Week 7 Lex 1: Magnetostatics in free space-I

Having studied the force on a static charge due to a static chrage distribution
elsewhere (source) which was the fundamental problem of Electrostatics we now turn to studying the forces due to charges moving steadily on each other. Steadily moving charges constitute steady currents and Magnetostatics studies the forces affecting such currents. Two such current carrying conductors exert a force/unit length on each other whose direction is dependent on the direction of the steady current I. These forces are not electrostatic forces as current carrying conductors are overall neutral.
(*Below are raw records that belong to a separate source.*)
(* Let $X=[X_{\alpha\beta}]_{\alpha,\beta=1}^K$ be a positive definite matrix partitioned into $K\times K$ blocks $X_{\alpha\beta}\in\mathbb{C}^{d\times d}$. If $X$ is block diagonally dominant, i.e. for every $\alpha$, $$\|X_{\alpha\alpha}^{-1}\|^{-1}\ \ge\ \sum_{\beta\neq\alpha}\|X_{\alpha\beta}\|,$$ then $X$ has block coherence number at most two, i.e. $X\in\mathcal{BC}_2$.
   Context: $\|Y\|$ denotes the largest singular value of $Y$; for positive definite $X_{\alpha\alpha}$, $\|X_{\alpha\alpha}^{-1}\|^{-1}$ is the smallest eigenvalue of $X_{\alpha\alpha}$. Let $P_\alpha$ be the orthogonal projector onto the $\alpha$-th block of coordinates ($\mathbb{C}^{Kd}=\bigoplus_\alpha\mathbb{C}^d$). $\mathcal{BC}_k$ is the set of all finite sums of operators $|\psi\rangle\langle\psi|$ where $|\psi\rangle$ has at most $k$ nonzero components $P_\alpha|\psi\rangle$; the block coherence number $bcn(X)$ is the least $k$ with $X\in\mathcal{BC}_k$. *)

theory Defs
  imports "HOL-Analysis.Analysis"
begin

text \<open>A matrix on C^(Kd) = direct sum of K copies of C^d, indexed by pairs (alpha, i)
  with alpha a block index (type 'k) and i a coordinate inside the block (type 'd).\<close>

type_synonym ('k, 'd) bmat = "complex ^ ('k \<times> 'd) ^ ('k \<times> 'd)"
type_synonym ('k, 'd) bvec = "complex ^ ('k \<times> 'd)"

definition quad_form :: "complex ^ 'n::finite ^ 'n \<Rightarrow> complex ^ 'n \<Rightarrow> complex" where
  "quad_form A x = (\<Sum>i\<in>UNIV. \<Sum>j\<in>UNIV. cnj (x $ i) * A $ i $ j * x $ j)"

definition hermitian_mat :: "complex ^ 'n::finite ^ 'n \<Rightarrow> bool" where
  "hermitian_mat A \<longleftrightarrow> (\<forall>i j. A $ i $ j = cnj (A $ j $ i))"

definition pos_def :: "complex ^ 'n::finite ^ 'n \<Rightarrow> bool" where
  "pos_def A \<longleftrightarrow> hermitian_mat A \<and>
     (\<forall>x. x \<noteq> 0 \<longrightarrow> quad_form A x \<in> \<real> \<and> Re (quad_form A x) > 0)"

definition opnorm :: "complex ^ 'n::finite ^ 'm::finite \<Rightarrow> real" where
  "opnorm A = onorm (\<lambda>v. A *v v)"

definition blk :: "('k::finite, 'd::finite) bmat \<Rightarrow> 'k \<Rightarrow> 'k \<Rightarrow> complex ^ 'd ^ 'd" where
  "blk X \<alpha> \<beta> = (\<chi> i j. X $ (\<alpha>, i) $ (\<beta>, j))"

definition block_diag_dominant :: "('k::finite, 'd::finite) bmat \<Rightarrow> bool" where
  "block_diag_dominant X \<longleftrightarrow>
     (\<forall>\<alpha>. inverse (opnorm (matrix_inv (blk X \<alpha> \<alpha>))) \<ge> (\<Sum>\<beta>\<in>UNIV - {\<alpha>}. opnorm (blk X \<alpha> \<beta>)))"

definition block_comp :: "('k::finite, 'd::finite) bvec \<Rightarrow> 'k \<Rightarrow> complex ^ 'd" where
  "block_comp \<psi> \<alpha> = (\<chi> i. \<psi> $ (\<alpha>, i))"

definition block_support :: "('k::finite, 'd::finite) bvec \<Rightarrow> 'k set" where
  "block_support \<psi> = {\<alpha>. block_comp \<psi> \<alpha> \<noteq> 0}"

definition outer :: "complex ^ 'n::finite \<Rightarrow> complex ^ 'n ^ 'n" where
  "outer \<psi> = (\<chi> i j. \<psi> $ i * cnj (\<psi> $ j))"

definition BC :: "nat \<Rightarrow> ('k::finite, 'd::finite) bmat set" where
  "BC k = {X. \<exists>\<psi>s. (\<forall>\<psi>\<in>set \<psi>s. card (block_support \<psi>) \<le> k) \<and> X = sum_list (map outer \<psi>s)}"

end

theory Submission
  imports Defs
begin

text \<open>
  Split X into positive semidefinite pieces, each supported on at most two blocks. For each
  ordered pair of distinct blocks a, b take half of X_ab and X_ba off the diagonal, padded by
  ||X_ab||/2 and ||X_ba||/2 times the identity on the diagonal blocks a and b; by Cauchy-Schwarz
  and AM-GM this piece is positive semidefinite. What remains is, on each diagonal block,
  X_aa - (sum of ||X_ab|| over b /= a) I, which is positive semidefinite precisely by block
  diagonal dominance, because the smallest eigenvalue of X_aa is 1/||X_aa^-1||. Finally, a
  positive semidefinite matrix supported on the coordinates of some blocks is a sum of rank-one
  matrices psi psi^* with psi supported there (peel off one coordinate at a time by a Schur
  complement step), and BC k is closed under sums.
\<close>

section \<open>Sesquilinear forms and positive semidefinite matrices\<close>

definition cinner :: "complex ^ 'n::finite \<Rightarrow> complex ^ 'n \<Rightarrow> complex" where
  "cinner x y = (\<Sum>i\<in>UNIV. cnj (x $ i) * y $ i)"

lemma cinner_add_left: "cinner (x + y) z = cinner x z + cinner y z"
  by (simp add: cinner_def distrib_right sum.distrib)

lemma cinner_add_right: "cinner x (y + z) = cinner x y + cinner x z"
  by (simp add: cinner_def distrib_left sum.distrib)

lemma cinner_scale_left: "cinner (c *s x) y = cnj c * cinner x y"
  by (simp add: cinner_def sum_distrib_left mult.assoc)

lemma cinner_scale_right: "cinner x (c *s y) = c * cinner x y"
  by (simp add: cinner_def sum_distrib_left mult.left_commute)

lemma cinner_self: "cinner x x = of_real ((norm x)\<^sup>2)"
proof -
  have "cinner x x = (\<Sum>i\<in>UNIV. of_real ((cmod (x $ i))\<^sup>2))"
    unfolding cinner_def by (intro sum.cong refl) (metis complex_norm_square mult.commute)
  then show ?thesis by (simp add: norm_vec_def L2_set_def sum_nonneg)
qed

lemma norm_cinner_le: "cmod (cinner x y) \<le> norm x * norm y"
proof -
  have "cmod (cinner x y) \<le> (\<Sum>i\<in>UNIV. \<bar>cmod (x $ i)\<bar> * \<bar>cmod (y $ i)\<bar>)"
    unfolding cinner_def by (rule order_trans[OF norm_sum]) (simp add: norm_mult)
  also have "\<dots> \<le> L2_set (\<lambda>i. cmod (x $ i)) UNIV * L2_set (\<lambda>i. cmod (y $ i)) UNIV"
    by (rule L2_set_mult_ineq)
  finally show ?thesis by (simp add: norm_vec_def)
qed

lemma cinner_adjoint:
  assumes "\<And>i j. B $ j $ i = cnj (A $ i $ j)"
  shows "cinner y (B *v x) = cnj (cinner x (A *v y))"
proof -
  have "cnj (cinner x (A *v y)) = (\<Sum>i\<in>UNIV. \<Sum>j\<in>UNIV. cnj (y $ j) * B $ j $ i * x $ i)"
    unfolding cinner_def matrix_vector_mult_def cnj_sum complex_cnj_mult complex_cnj_cnj
      sum_distrib_left
    by (intro sum.cong refl) (simp add: assms sum_distrib_left mult_ac)
  also have "\<dots> = (\<Sum>j\<in>UNIV. \<Sum>i\<in>UNIV. cnj (y $ j) * B $ j $ i * x $ i)"
    by (rule sum.swap)
  also have "\<dots> = cinner y (B *v x)"
    by (simp add: cinner_def matrix_vector_mult_def sum_distrib_left mult.assoc)
  finally show ?thesis by simp
qed

lemma hermitian_mat_cnj: "hermitian_mat A \<Longrightarrow> cnj (A $ i $ j) = A $ j $ i"
  unfolding hermitian_mat_def by (metis complex_cnj_cnj)

lemma cinner_hermitian: "hermitian_mat A \<Longrightarrow> cinner y (A *v x) = cnj (cinner x (A *v y))"
  by (rule cinner_adjoint) (simp add: hermitian_mat_cnj)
Just as in electrostatics, the fundamental problem of magnetostatics is to find the force on a test current placed at the field point due to an arbitrary current distribution elsewhere ( source currents). The starting point of magnetostatics is the Lorentz force law which is a fundamental law the force on a charge q moving with a velocity v in a magnetic field B is given as F=q v X B . For an electric field also present the force is as we know to be F=qE and this must be added to the previous expression. Moreover as this force is always perpendicular to the velocity v, magnetic forces do not do any work. It is now simple to integrate this force over the length of the conductor to find out the total force on a conductor carrying a steady current I to be F=I∫ dl X B


This is the case for what we call as a line current. Of course just like in electrostatics we can move surface charges in steady motion constitute a steady surface current density K which is the current flowing/ unit length perpendicular to the direction of flow. The magnetic force in this case is given as F=∫ ( K X B).da where the integral is now taken over a surface S. We can similarly define a volume current density J which is the current/unit area oriented perpendicular to the direction of flow. The magnetic force is now given as F=∫ ( J X B).dτ where the integral now must be taken over a volume τ.


As ∫ J.da= over a CLOSED surface S is the total current through the surface this can be related to the total change of charge density with time inside the volume enclosed by the surface S because total charge is always conserved. Using the divergence theorem we arrive at the continuity equations which states that ∇ .J is equal to the -ve of the rate of change of charge density ρ with time t. For steady currents, the charge density is constant in time as steady flow of charges should not have charge piling up anywhere. So for steady currents Div J=0


The analog of the Coulombs law for Magnetostatics is the Biot Savarts Law for magnetic fields due to steady currents. Please note that the fundamental law of Magnetism is the Lorenz force law and Biot Savart Law is a consequence of the Lorentz Force Law. Just as in coulombs law the magnetic field B due to a steady current is given by the integral of the cross product of the current vector
I=I dl'cap with the unit separation vector from the source point to the field point divided by the square of the separation vector.
The generalization to surface currents K and volume currents J is as usual.
Please check Eg 5.1 to 5.6 in Griffiths


Its easy to see that the magnetic field of an infinite staright line current circulates around the conductor according to the right hand rule in an azimuthal ( plus/minus  φ cap ) direction. The Curl of B can easily be calculated by seeing that the circulation of B over a loop C is ∫ B.dl=μ₀ I_enc where I is the current ENCLOSED by the loop C. This called Amperes law and is the analog of the Gauss Law for Electrostatics. Now using Stokes theorem its easy to see that 
∇ X B =μ₀ J where J is the volume current density. For surface currents J is to be replaced by K.


The divergence of B is ∇. B=0 . This is unlike electrostatics where Div E is equal to the charge density/epsilon zero. There are no free magnetic charges and the magnetic field lines are always CLOSED. This can be easily proved for a volume current density J using similar techniques to those in electrostatics. ( Refer to Griffiths for the derivation where like before they show that a surface contribution from the boundary is ZERO.)


Please read Section 5.34 Griffiths for a comparison of Electrostatics and Magnetostatics. Also look through the Eg. 5.7-5.10 Griffiths.